By Carly Forster
Apple (NASDAQ:AAPL) finally released its highly anticipated Apple Watch for presale on April 10th and sold out of all models in 6 hours.
The Apple Watch will initially be available in the United States, Canada, China, France, Germany, Australia, Hong Kong, Japan, and the United Kingdom. The different models of the Apple Watch will retail between $349 for the sport watch and $10,000 for the top-of-the-line watch.
The company also offered a preview of the Apple Watch on April 10th before it officially goes on sale on April 24th, though most of the people who pre-ordered seemed to have purchased the watch without seeing it in person first.
Despite the quick sell out, Apple received some mixed reviews from Wall Street analysts.
On April 10th, Raymond James analyst Tavis McCourt downgraded his rating on Apple from Outperform to Market Perform, noting “Early reviews on Apple Watch suggest it will fall far short of the ‘insanely great’ benchmark, at least in this first iteration [...] Although the financial impact of the Apple Watch is almost immaterial near term, we are concerned that relatively muted reviews so far could place added fear in investors’ minds about the company’s ability to launch successful new product categories.”
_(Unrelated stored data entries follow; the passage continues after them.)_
lemma mat_mult_eq_smult_one_commute:
  fixes M N :: "'a::field mat"
  assumes M: "M \<in> carrier_mat k k" and N: "N \<in> carrier_mat k k" and c: "c \<noteq> 0"
    and MN: "M * N = c \<cdot>\<^sub>m 1\<^sub>m k"
  shows "N * M = c \<cdot>\<^sub>m 1\<^sub>m k"
proof -
  have "((1 / c) \<cdot>\<^sub>m M) * N = 1\<^sub>m k"
    using M N c MN by (simp add: mult_smult_assoc_mat smult_smult_mat)
  then have "N * ((1 / c) \<cdot>\<^sub>m M) = 1\<^sub>m k"
    using mat_mult_left_right_inverse[OF smult_carrier_mat[OF M] N] by blast
  moreover have "N * M = c \<cdot>\<^sub>m (N * ((1 / c) \<cdot>\<^sub>m M))"
    using M N c by (simp add: mult_smult_distrib smult_smult_mat)
  ultimately show ?thesis
    by simp
qed

lemma dual_basis_completeness:
  fixes P Q :: "'i \<Rightarrow> 'a::field mat"
  assumes I: "finite I" "card I = d * d"
    and P: "\<And>t. t \<in> I \<Longrightarrow> P t \<in> carrier_mat d d" and Q: "\<And>t. t \<in> I \<Longrightarrow> Q t \<in> carrier_mat d d"
    and dual: "\<And>t t'. t \<in> I \<Longrightarrow> t' \<in> I \<Longrightarrow> mat_trace (P t * Q t') = (if t = t' then c else 0)"
    and c: "c \<noteq> 0"
    and ab: "a < d" "b < d" and ij: "i < d" "j < d"
  shows "(\<Sum>t\<in>I. Q t $$ (b, a) * P t $$ (i, j)) = (if (a, b) = (i, j) then c else 0)"
proof -
  let ?D = "{..<d} \<times> {..<d}"
  obtain e where e: "bij_betw e {..<d * d} I"
    using ex_bij_betw_nat_finite[OF I(1)] I(2) by (auto simp: atLeast0LessThan)
  obtain v where v: "bij_betw v {..<d * d} ?D"
    using finite_same_card_bij[of "{..<d * d}" ?D] by (auto simp: card_cartesian_product)
  \<comment> \<open>rows of M are the P t and columns of N the transposed Q t, both flattened along v\<close>
  define M where "M = mat (d * d) (d * d) (\<lambda>(s, k). P (e s) $$ v k)"
  define N where "N = mat (d * d) (d * d) (\<lambda>(k, s). Q (e s) $$ prod.swap (v k))"
  have M: "M \<in> carrier_mat (d * d) (d * d)" and N: "N \<in> carrier_mat (d * d) (d * d)"
    unfolding M_def N_def by auto
  have MN: "M * N = c \<cdot>\<^sub>m 1\<^sub>m (d * d)"
  proof (rule eq_matI)
    fix s s' assume "s < dim_row (c \<cdot>\<^sub>m 1\<^sub>m (d * d))" "s' < dim_col (c \<cdot>\<^sub>m 1\<^sub>m (d * d))"
    then have s: "s < d * d" "s' < d * d" by auto
    then have es: "e s \<in> I" "e s' \<in> I" using e bij_betwE by blast+
    have "(M * N) $$ (s, s') = (\<Sum>k<d * d. P (e s) $$ v k * Q (e s') $$ prod.swap (v k))"
      using s by (simp add: M_def N_def scalar_prod_def lessThan_atLeast0)
    also have "\<dots> = (\<Sum>(a, b)\<in>?D. P (e s) $$ (a, b) * Q (e s') $$ (b, a))"
      using sum.reindex_bij_betw[OF v, of "\<lambda>(a, b). P (e s) $$ (a, b) * Q (e s') $$ (b, a)"]
      by (simp add: case_prod_beta prod.swap_def)
    also have "\<dots> = mat_trace (P (e s) * Q (e s'))"
      using mat_trace_mult_eq_sum[OF P[OF es(1)] Q[OF es(2)]] by simp
    also have "\<dots> = (c \<cdot>\<^sub>m 1\<^sub>m (d * d)) $$ (s, s')"
      using dual[OF es] s e by (auto simp: bij_betw_def inj_on_def)
    finally show "(M * N) $$ (s, s') = (c \<cdot>\<^sub>m 1\<^sub>m (d * d)) $$ (s, s')" .
  qed (use M N in auto)
  have NM: "N * M = c \<cdot>\<^sub>m 1\<^sub>m (d * d)"
    by (rule mat_mult_eq_smult_one_commute[OF M N c MN])
  have "(i, j) \<in> v ` {..<d * d}" "(a, b) \<in> v ` {..<d * d}"
    using ab ij bij_betw_imp_surj_on[OF v] by auto
  then obtain k k' where k: "k < d * d" "v k = (i, j)" and k': "k' < d * d" "v k' = (a, b)"
    by (metis imageE lessThan_iff)
  have "(\<Sum>t\<in>I. Q t $$ (b, a) * P t $$ (i, j)) = (\<Sum>s<d * d. Q (e s) $$ (b, a) * P (e s) $$ (i, j))"
    by (rule sum.reindex_bij_betw[OF e, symmetric])
  also have "\<dots> = (\<Sum>s<d * d. N $$ (k', s) * M $$ (s, k))"
    using k k' by (auto simp: M_def N_def intro!: sum.cong)
  also have "\<dots> = (N * M) $$ (k', k)"
    using k k' M N by (simp add: scalar_prod_def lessThan_atLeast0)
  also have "\<dots> = (if (a, b) = (i, j) then c else 0)"
    using NM k k' v by (auto simp: bij_betw_def inj_on_def)
  finally show ?thesis .
qed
McCourt has rated Apple 42 times since January 2009, earning a 74% success rate recommending the stock and a +28.5% average return per recommendation. Overall, he has a 66% success rate recommending stocks and a +15.0% average return per recommendation.
On the other hand, Piper Jaffray analyst Gene Munster reiterated an Overweight rating on Apple on April 10th with a price target of $160, according to SmarterAnalyst. Munster noted, “We have been monitoring lead times this morning and it appears that between 6AM and 9AM ET, lead times have been stable for 5 different SKUs at 4-6 weeks or June/July ship date. We believe that the current stable lead times suggests that supply was the main limiting factor in this morning’s sell out as if demand were extremely strong, it would seem that lead-times would continue to increase.”
Munster has rated Apple 136 times since January 2009, earning a 77% success rate recommending stocks and a +31.6% average return per recommendation. Overall, he has a 72% success rate recommending stocks and a +28.0% average return per recommendation.
On average, the top analyst consensus for Apple on TipRanks is Moderate Buy.